I want to update a model by optimizing two loss alternately with gradient accumulation like this
# Suppose gradient_accumulation is set to 2.
optimizer = optim(unet.parameters())
with accelerator.accumulate(unet):
outputs = unet(input)
loss1 = loss_func1(outputs)
loss1.backward()
optimizer.step()
optimizer.zero_grad()
with accelerator.accumulate(unet):
outputs = unet(input)
loss2 = loss_func2(outputs)
loss2.backward()
optimizer.step()
optimizer.zero_grad()
Is this correct? It appears from the documentation that accelerator.accumulate
will normalize the loss and then backpropagate without updating the gradient until reaching gradient_accumulation_steps
. My main concern is that the gradients accumulated by two different losses for the same model will affect each other.
Hope to find some help here, thanks in advance.
1 Like
According to here, that seems like it would work fine: Multiple gradient updates with two separate losses and two classifiers sharing the same encoder - nlp - PyTorch Forums. During accumulation it’d be attached separately/referenced separately I believe, with wouldn’t cause them to entangle.

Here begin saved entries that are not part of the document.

(* Let $K$ be a totally real field, $L/K$ a CM extension with CM type $\Phi$, and $M$ a regular, polarized, special realization over $K$ with coefficients in a number field $E$, of rank $n$ and pure of weight $w(M)$, with Hodge numbers $p_1(\sigma,\varphi)>\dots>p_n(\sigma,\varphi)$ for $\sigma\in J_K,\varphi\in J_E$. Fix $\varphi\in J_E$ and $r\in\{0,\dots,n\}$. If $r>0$, set $a_\tau^{(r,\varphi)}=w(M)-2p_r(\tau|_K,\varphi)+1$ for $\tau\in\Phi$; if $r=0$, set $a_\tau^{(0,\varphi)}=a^{(0)}$ for all $\tau\in\Phi$, where $a^{(0)}$ is a fixed integer with $a^{(0)}<\min\{w(M)-2p_1(\sigma,\psi)\}_{\sigma\in J_K,\psi\in J_E}$ and $a^{(0)}\equiv w(M)+1\pmod 2$. Let $\chi^{(r,\varphi)}$ be an algebraic Hecke character of $L$ of infinity type $(n_\tau^{(r,\varphi)})_{\tau\in J_L}$ with $n_\tau^{(r,\varphi)}-n_{\bar\tau}^{(r,\varphi)}=a_\tau^{(r,\varphi)}$ for all $\tau\in\Phi$. Then: (i) $\chi^{(r,\varphi)}$ is critical, except possibly when $n$ is even and $r=n/2$; in that case $\chi^{(n/2,\varphi)}$ is critical if and only if $p_{n/2}(\sigma,\varphi)\neq p_{n/2+1}(\sigma,\varphi)+1$ for every $\sigma\in J_K$. (ii) $n_\tau^{(r,\varphi)}>n_{\bar\tau}^{(r,\varphi)}$ for one (equivalently every) $\tau\in\Phi$ if and only if $r\in\{\lfloor n/2\rfloor+1,\dots,n\}$.
   Context: $J_F=\operatorname{Hom}(F,\mathbb C)$; $\bar\tau=c\circ\tau$; a CM type $\Phi\subset J_L$ satisfies $J_L=\Phi\sqcup\bar\Phi$. A realization $M$ over $K$ with coefficients in $E$ (in Deligne's sense of realizations of motives for absolute Hodge cycles) has, for each $\sigma\in J_K$, a Betti realization $M_\sigma$ (an $E$-vector space of dimension $n$ with a Frobenius involution $F_\sigma$) and a Hodge decomposition $M_\sigma\otimes_{E,\varphi}\mathbb C=\bigoplus_{p+q=w(M)}M_\sigma^{pq}(\varphi)$ for $\varphi\in J_E$. $M$ is regular if all $M_\sigma^{pq}(\varphi)$ have dimension at most 1; then $p_1(\sigma,\varphi)>\dots>p_n(\sigma,\varphi)$ are the $p$ with $M_\sigma^{pq}(\varphi)\ne0$, and $p_i(\sigma,\varphi)+p_{n+1-i}(\sigma,\varphi)=w(M)$. $M$ is polarized if there is a nondegenerate morphism $M\otimes_E M\to E(-w(M))$, symmetric if $w(M)$ is even and alternating if odd; $M$ is special if each $F_\sigma$ acts on $M_\sigma^{w(M)/2,w(M)/2}$ by a scalar $\pm1$ independent of $\sigma$. An algebraic Hecke character $\chi$ of $L$ has infinity type $(n_\tau)_{\tau\in J_L}$ meaning $\chi(x)=\tau(x)^{-n_\tau}\bar\tau(x)^{-n_{\bar\tau}}$ on the identity component at the archimedean place of $\tau$; $\chi$ is critical if $n_\tau\ne n_{\bar\tau}$ for all $\tau\in J_L$. *)

theory Defs
  imports Main
begin

text \<open>Embeddings: J_L is modelled by a finite type 'l, J_K by a finite type 'k,
  J_E by a finite type 'e.  res is restriction J_L -> J_K, cc is tau |-> bar tau.\<close>

definition cm_extension :: "('l \<Rightarrow> 'k) \<Rightarrow> ('l \<Rightarrow> 'l) \<Rightarrow> bool" where
  "cm_extension res cc \<longleftrightarrow>
     (\<forall>\<tau>. cc (cc \<tau>) = \<tau> \<and> cc \<tau> \<noteq> \<tau> \<and> res (cc \<tau>) = res \<tau>) \<and>
     surj res \<and>
     (\<forall>\<tau> \<tau>'. res \<tau>' = res \<tau> \<longrightarrow> \<tau>' = \<tau> \<or> \<tau>' = cc \<tau>)"

definition is_cm_type :: "('l \<Rightarrow> 'l) \<Rightarrow> 'l set \<Rightarrow> bool" where
  "is_cm_type cc \<Phi> \<longleftrightarrow> \<Phi> \<inter> cc ` \<Phi> = {} \<and> \<Phi> \<union> cc ` \<Phi> = UNIV"

text \<open>Hodge data of a realization of rank n: hdim sigma phi p = dim M_sigma^{p,w-p}(phi).\<close>

definition hodge_data :: "('k \<Rightarrow> 'e \<Rightarrow> int \<Rightarrow> nat) \<Rightarrow> nat \<Rightarrow> bool" where
  "hodge_data hdim n \<longleftrightarrow> (\<forall>\<sigma> \<phi>. finite {p. hdim \<sigma> \<phi> p \<noteq> 0} \<and>
       (\<Sum>p\<in>{p. hdim \<sigma> \<phi> p \<noteq> 0}. hdim \<sigma> \<phi> p) = n)"

definition regular :: "('k \<Rightarrow> 'e \<Rightarrow> int \<Rightarrow> nat) \<Rightarrow> bool" where
  "regular hdim \<longleftrightarrow> (\<forall>\<sigma> \<phi> p. hdim \<sigma> \<phi> p \<le> 1)"

definition hodge_p :: "('k \<Rightarrow> 'e \<Rightarrow> int \<Rightarrow> nat) \<Rightarrow> 'k \<Rightarrow> 'e \<Rightarrow> nat \<Rightarrow> int" where
  "hodge_p hdim \<sigma> \<phi> i = rev (sorted_list_of_set {p. hdim \<sigma> \<phi> p \<noteq> 0}) ! (i - 1)"

definition critical :: "('l \<Rightarrow> 'l) \<Rightarrow> ('l \<Rightarrow> int) \<Rightarrow> bool" where
  "critical cc ninf \<longleftrightarrow> (\<forall>\<tau>. ninf \<tau> \<noteq> ninf (cc \<tau>))"

end

theory Submission
  imports Defs
begin

text \<open>For 1 <= r <= n the symmetry p_r + p_(n+1-r) = w turns the
  twist w - 2 p_r + 1 into p_(n+1-r) - p_r + 1.  The p_i strictly decrease, so this integer is
  positive exactly when r > n/2, and it vanishes only when n is even, r = n/2 and
  p_(n/2) = p_(n/2+1) + 1.  For r = 0 the twist a0 is negative, since w - 2 p_1 = p_n - p_1 <= 0.
  A CM type contains exactly one of tau, tau-bar for every tau and restricts onto J_K, so these
  conditions on Phi decide criticality on all of J_L and range over all of J_K.\<close>

lemma card_hodge_support:
  assumes "hodge_data hdim n" and "regular hdim"
  shows "finite {p. hdim \<sigma> \<psi> p \<noteq> 0}" and "card {p. hdim \<sigma> \<psi> p \<noteq> 0} = n"
proof -
  let ?S = "{p. hdim \<sigma> \<psi> p \<noteq> 0}"
  show "finite ?S" using assms(1) unfolding hodge_data_def by blast
  have "\<And>p. p \<in> ?S \<Longrightarrow> hdim \<sigma> \<psi> p = 1"
    using assms(2) unfolding regular_def by (simp add: le_antisym Suc_leI)
  hence "(\<Sum>p\<in>?S. hdim \<sigma> \<psi> p) = (\<Sum>p\<in>?S. 1)" by (intro sum.cong) auto
  thus "card ?S = n" using assms(1) unfolding hodge_data_def by simp
qed

lemma hodge_p_strict_decreasing:
  assumes "hodge_data hdim n" and "regular hdim" and "1 \<le> i" "i < j" "j \<le> n"
  shows "hodge_p hdim \<sigma> \<psi> j < hodge_p hdim \<sigma> \<psi> i"
proof -
  define xs where "xs = rev (sorted_list_of_set {p. hdim \<sigma> \<psi> p \<noteq> 0})"
  have "length xs = n"
    using card_hodge_support[OF assms(1,2)] by (simp add: xs_def)
  moreover have "sorted_wrt (>) xs"
    unfolding xs_def sorted_wrt_rev using strict_sorted_list_of_set by simp
  ultimately have "xs ! (j - 1) < xs ! (i - 1)"
    using assms(3-5) sorted_wrt_nth_less[of "(>)" xs "i - 1" "j - 1"] by simp
  thus ?thesis unfolding hodge_p_def xs_def .
qed

lemma hodge_p_antitone:
  assumes "hodge_data hdim n" and "regular hdim" and "1 \<le> i" "i \<le> j" "j \<le> n"
  shows "hodge_p hdim \<sigma> \<psi> j \<le> hodge_p hdim \<sigma> \<psi> i"
  using hodge_p_strict_decreasing[OF assms(1,2), of i j \<sigma> \<psi>] assms(3-5)
  by (cases "i = j") auto

lemma hodge_twist_sign:
  assumes hd: "hodge_data hdim n" and reg: "regular hdim"
    and sym: "\<And>\<sigma> \<psi> i. 1 \<le> i \<Longrightarrow> i \<le> n \<Longrightarrow>
                hodge_p hdim \<sigma> \<psi> i + hodge_p hdim \<sigma> \<psi> (n + 1 - i) = w"
    and r: "1 \<le> r" "r \<le> n"
  shows "w - 2 * hodge_p hdim \<sigma> \<phi> r + 1 = 0 \<longleftrightarrow>
           even n \<and> r = n div 2 \<and> hodge_p hdim \<sigma> \<phi> (n div 2) = hodge_p hdim \<sigma> \<phi> (n div 2 + 1) + 1"
    and "0 < w - 2 * hodge_p hdim \<sigma> \<phi> r + 1 \<longleftrightarrow> n div 2 + 1 \<le> r"
proof -
  let ?p = "hodge_p hdim \<sigma> \<phi>"
  define q where "q = n + 1 - r"
  have q: "1 \<le> q" "q \<le> n" using r by (auto simp: q_def)
  have w: "w = ?p r + ?p q" unfolding q_def using sym[OF r] by simp
  have dec: "\<And>i j. 1 \<le> i \<Longrightarrow> i < j \<Longrightarrow> j \<le> n \<Longrightarrow> ?p j < ?p i"
    using hodge_p_strict_decreasing[OF hd reg] by blast
  consider "r < q" "q = r + 1" | "r + 1 < q" | "q \<le> r" by linarith
  hence "(?p q - ?p r + 1 = 0 \<longleftrightarrow>
           even n \<and> r = n div 2 \<and> ?p (n div 2) = ?p (n div 2 + 1) + 1)
       \<and> (0 < ?p q - ?p r + 1 \<longleftrightarrow> n div 2 + 1 \<le> r)"
  proof cases
    case 1
    hence "even n" "r = n div 2" using q_def r by presburger+
    thus ?thesis using dec[of r q] 1 q by auto
  next
    case 2
    hence "\<not> n div 2 + 1 \<le> r" "\<not> (even n \<and> r = n div 2)" using q_def r by presburger+
    thus ?thesis using dec[of r "r + 1"] dec[of "r + 1" q] 2 q r by auto
  next
    case 3
    hence "n div 2 + 1 \<le> r" "r \<noteq> n div 2" using q_def r by auto
    thus ?thesis using hodge_p_antitone[OF hd reg q(1) 3 r(2), of \<sigma> \<phi>] by auto
  qed
  thus "w - 2 * ?p r + 1 = 0 \<longleftrightarrow> even n \<and> r = n div 2 \<and> ?p (n div 2) = ?p (n div 2 + 1) + 1"
    and "0 < w - 2 * ?p r + 1 \<longleftrightarrow> n div 2 + 1 \<le> r"
    unfolding w by auto
qed

lemma weight_le_twice_hodge_p_first:
  assumes "hodge_data hdim n" and "regular hdim" and "1 \<le> n"
    and sym: "\<And>\<sigma> \<psi> i. 1 \<le> i \<Longrightarrow> i \<le> n \<Longrightarrow>
                hodge_p hdim \<sigma> \<psi> i + hodge_p hdim \<sigma> \<psi> (n + 1 - i) = w"
  shows "w \<le> 2 * hodge_p hdim \<sigma> \<psi> 1"
proof -
  have "hodge_p hdim \<sigma> \<psi> 1 + hodge_p hdim \<sigma> \<psi> (n + 1 - 1) = w"
    using assms(3) by (intro sym) auto
  thus ?thesis using hodge_p_antitone[OF assms(1,2), of 1 n \<sigma> \<psi>] assms(3) by simp
qed

lemma cm_type_cases:
  assumes "is_cm_type cc \<Phi>"
  obtains "\<tau> \<in> \<Phi>" | t where "t \<in> \<Phi>" "\<tau> = cc t"
  using assms unfolding is_cm_type_def by blast

lemma critical_iff_on_cm_type:
  assumes inv: "\<And>\<tau>. cc (cc \<tau>) = \<tau>" and "is_cm_type cc \<Phi>"
  shows "critical cc ninf \<longleftrightarrow> (\<forall>\<tau>\<in>\<Phi>. ninf \<tau> \<noteq> ninf (cc \<tau>))"
  unfolding critical_def
proof (intro iffI allI)
  fix \<tau>
  assume "\<forall>\<tau>\<in>\<Phi>. ninf \<tau> \<noteq> ninf (cc \<tau>)"
  with assms show "ninf \<tau> \<noteq> ninf (cc \<tau>)"
    by (cases rule: cm_type_cases[OF assms(2), of \<tau>]) fastforce+
qed simp

lemma cm_type_restriction_surj:
  assumes "cm_extension res cc" and "is_cm_type cc \<Phi>"
  shows "res ` \<Phi> = UNIV"
proof -
  have res_cc: "res (cc t) = res t" for t using assms(1) unfolding cm_extension_def by blast
  have "res \<tau> \<in> res ` \<Phi>" for \<tau>
    by (cases rule: cm_type_cases[OF assms(2), of \<tau>]) (auto simp: res_cc)
  moreover have "surj res" using assms(1) unfolding cm_extension_def by blast
  ultimately show ?thesis by (metis surjD subsetI subset_antisym UNIV_I)
qed

lemma Min_weight_minus_twice_hodge_p_first_nonpos:
  fixes hdim :: "'k::finite \<Rightarrow> 'e::finite \<Rightarrow> int \<Rightarrow> nat"
  assumes "hodge_data hdim n" and "regular hdim" and "1 \<le> n"
    and "\<And>\<sigma> \<psi> i. 1 \<le> i \<Longrightarrow> i \<le> n \<Longrightarrow>
                hodge_p hdim \<sigma> \<psi> i + hodge_p hdim \<sigma> \<psi> (n + 1 - i) = w"
  shows "Min {w - 2 * hodge_p hdim \<sigma> \<psi> 1 | \<sigma> \<psi>. True} \<le> 0"
proof -
  define f where "f = (\<lambda>(\<sigma>, \<psi>). w - 2 * hodge_p hdim \<sigma> \<psi> 1)"
  fix \<sigma> \<psi>
  have "Min (range f) \<le> f (\<sigma>, \<psi>)" by (rule Min_le) auto
  also have "\<dots> \<le> 0"
    using weight_le_twice_hodge_p_first[OF assms] by (simp add: f_def)
  also have "range f = {w - 2 * hodge_p hdim \<sigma> \<psi> 1 | \<sigma> \<psi>. True}" by (auto simp: f_def)
  finally show ?thesis .
qed

theorem lemma2p4:
  fixes res :: "'l::finite \<Rightarrow> 'k::finite"
    and cc :: "'l \<Rightarrow> 'l"
    and \<Phi> :: "'l set"
    and hdim :: "'k \<Rightarrow> 'e::finite \<Rightarrow> int \<Rightarrow> nat"
    and n :: nat and w :: int
    and \<phi> :: 'e and r :: nat and a0 :: int
    and a :: "'l \<Rightarrow> int" and ninf :: "'l \<Rightarrow> int"
  assumes cm: "cm_extension res cc"
    and cmtype: "is_cm_type cc \<Phi>"
    and hodge: "hodge_data hdim n"
    and n_pos: "n \<ge> 1"
    and reg: "regular hdim"
    and sym: "\<forall>\<sigma> \<psi> i. 1 \<le> i \<and> i \<le> n \<longrightarrow>
                hodge_p hdim \<sigma> \<psi> i + hodge_p hdim \<sigma> \<psi> (n + 1 - i) = w"
    and r_le: "r \<le> n"
    and a0_lt: "a0 < Min {w - 2 * hodge_p hdim \<sigma> \<psi> 1 | \<sigma> \<psi>. True}"
    and a0_par: "a0 mod 2 = (w + 1) mod 2"
    and a_def: "\<forall>\<tau>\<in>\<Phi>. a \<tau> = (if r > 0 then w - 2 * hodge_p hdim (res \<tau>) \<phi> r + 1 else a0)"
    and inf_type: "\<forall>\<tau>\<in>\<Phi>. ninf \<tau> - ninf (cc \<tau>) = a \<tau>"
  shows "(\<not> (even n \<and> r = n div 2) \<longrightarrow> critical cc ninf)
       \<and> (even n \<and> r = n div 2 \<longrightarrow>
            (critical cc ninf \<longleftrightarrow>
              (\<forall>\<sigma>. hodge_p hdim \<sigma> \<phi> (n div 2) \<noteq> hodge_p hdim \<sigma> \<phi> (n div 2 + 1) + 1)))
       \<and> ((\<exists>\<tau>\<in>\<Phi>. ninf \<tau> > ninf (cc \<tau>)) \<longleftrightarrow> r \<in> {n div 2 + 1..n})
       \<and> ((\<forall>\<tau>\<in>\<Phi>. ninf \<tau> > ninf (cc \<tau>)) \<longleftrightarrow> r \<in> {n div 2 + 1..n})"
proof -
  let ?Z = "\<lambda>\<sigma>. even n \<and> r = n div 2 \<and> hodge_p hdim \<sigma> \<phi> (n div 2) = hodge_p hdim \<sigma> \<phi> (n div 2 + 1) + 1"
  let ?half = "{n div 2 + 1..n}"
  have sym': "\<And>\<sigma> \<psi> i. 1 \<le> i \<Longrightarrow> i \<le> n \<Longrightarrow>
                hodge_p hdim \<sigma> \<psi> i + hodge_p hdim \<sigma> \<psi> (n + 1 - i) = w"
    using sym by blast
  have "a0 < 0"
    using a0_lt Min_weight_minus_twice_hodge_p_first_nonpos[OF hodge reg n_pos sym'] by linarith
  hence twist: "(a \<tau> = 0 \<longleftrightarrow> ?Z (res \<tau>)) \<and> (0 < a \<tau> \<longleftrightarrow> r \<in> ?half)" if "\<tau> \<in> \<Phi>" for \<tau>
    using that a_def r_le n_pos hodge_twist_sign[OF hodge reg sym', of r "res \<tau>" \<phi>]
    by (cases "r = 0") auto
  have "critical cc ninf \<longleftrightarrow> (\<forall>\<tau>\<in>\<Phi>. a \<tau> \<noteq> 0)"
    using critical_iff_on_cm_type[OF _ cmtype] cm inf_type unfolding cm_extension_def by force
  also have "\<dots> \<longleftrightarrow> (\<forall>\<tau>\<in>\<Phi>. \<not> ?Z (res \<tau>))"
    using twist by blast
  also have "\<dots> \<longleftrightarrow> (\<forall>\<sigma>\<in>res ` \<Phi>. \<not> ?Z \<sigma>)"
    by simp
  also have "\<dots> \<longleftrightarrow> (\<forall>\<sigma>. \<not> ?Z \<sigma>)"
    using cm_type_restriction_surj[OF cm cmtype] by simp
  finally have critical: "critical cc ninf \<longleftrightarrow> (\<forall>\<sigma>. \<not> ?Z \<sigma>)" .
  have "ninf \<tau> > ninf (cc \<tau>) \<longleftrightarrow> r \<in> ?half" if "\<tau> \<in> \<Phi>" for \<tau>
    using inf_type twist that by force
  moreover have "\<Phi> \<noteq> {}" using cmtype unfolding is_cm_type_def by auto
  ultimately show ?thesis using critical by blast
qed

end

The key here is don’t call zero_grad()
before if possible. So I think we can essentially rewrite this as:
# Suppose gradient_accumulation is set to 2.
optimizer = optim(unet.parameters())
with accelerator.accumulate(unet):
outputs = unet(input)
loss1 = loss_func1(outputs)
loss1.backward(retain_graph=True)
loss2 = loss_func2(outputs)
loss2.backward()
optimizer.step()
optimizer.zero_grad()
And this should work/be okay, the key is ensuring retain_graph=True
1 Like
Hi, thank you for the reply!
I’m sorry I didn’t make my question clear. Optimizing two loss alternately (sequentially) means loss2
is computed w.r.t the model updated by optimizing loss1
. I want to use accelerator.accumulate
doing gradient accumulation with the pseudo code in Multiple gradient updates with two separate losses and two classifiers sharing the same encoder - #2 by srishti-git1110 - nlp - PyTorch Forums.
import itertools
import torch
params = [encoder.parameters(), fc1.parameters(), fc2.parameters()]
optimizer = torch.optim.Adam(itertools.chain(*params), lr=0.01)
# optimizer.step() twice is what I exactly want.
for batch_idx, batch in dataloader_instance:
# calculate lcce and lwd
lcce.backward()
optimizer.step()
optimizer.zero_grad()
lwd = -1 * lwd
lwd.backward()
for param in encoder.parameters():
param.grad = -1*beta*param.grad
optimizer.step()
optimizer.zero_grad()
However, your current code updates the model using the sum of the accumulated gradients of the sum of loss1
and loss2
.
By the way, is it necessary to set retain_graph=True
keeping the compute graph w.r.t loss1? Since torch.Tensor.backward accumulates gradients in the leaves by default.
My advice there relies on the solution posted just below that. If it truly does I don’t know, as I’m learning this like you in this fairly niche question. Perhaps also worth asking on that forum discussion as well
1 Like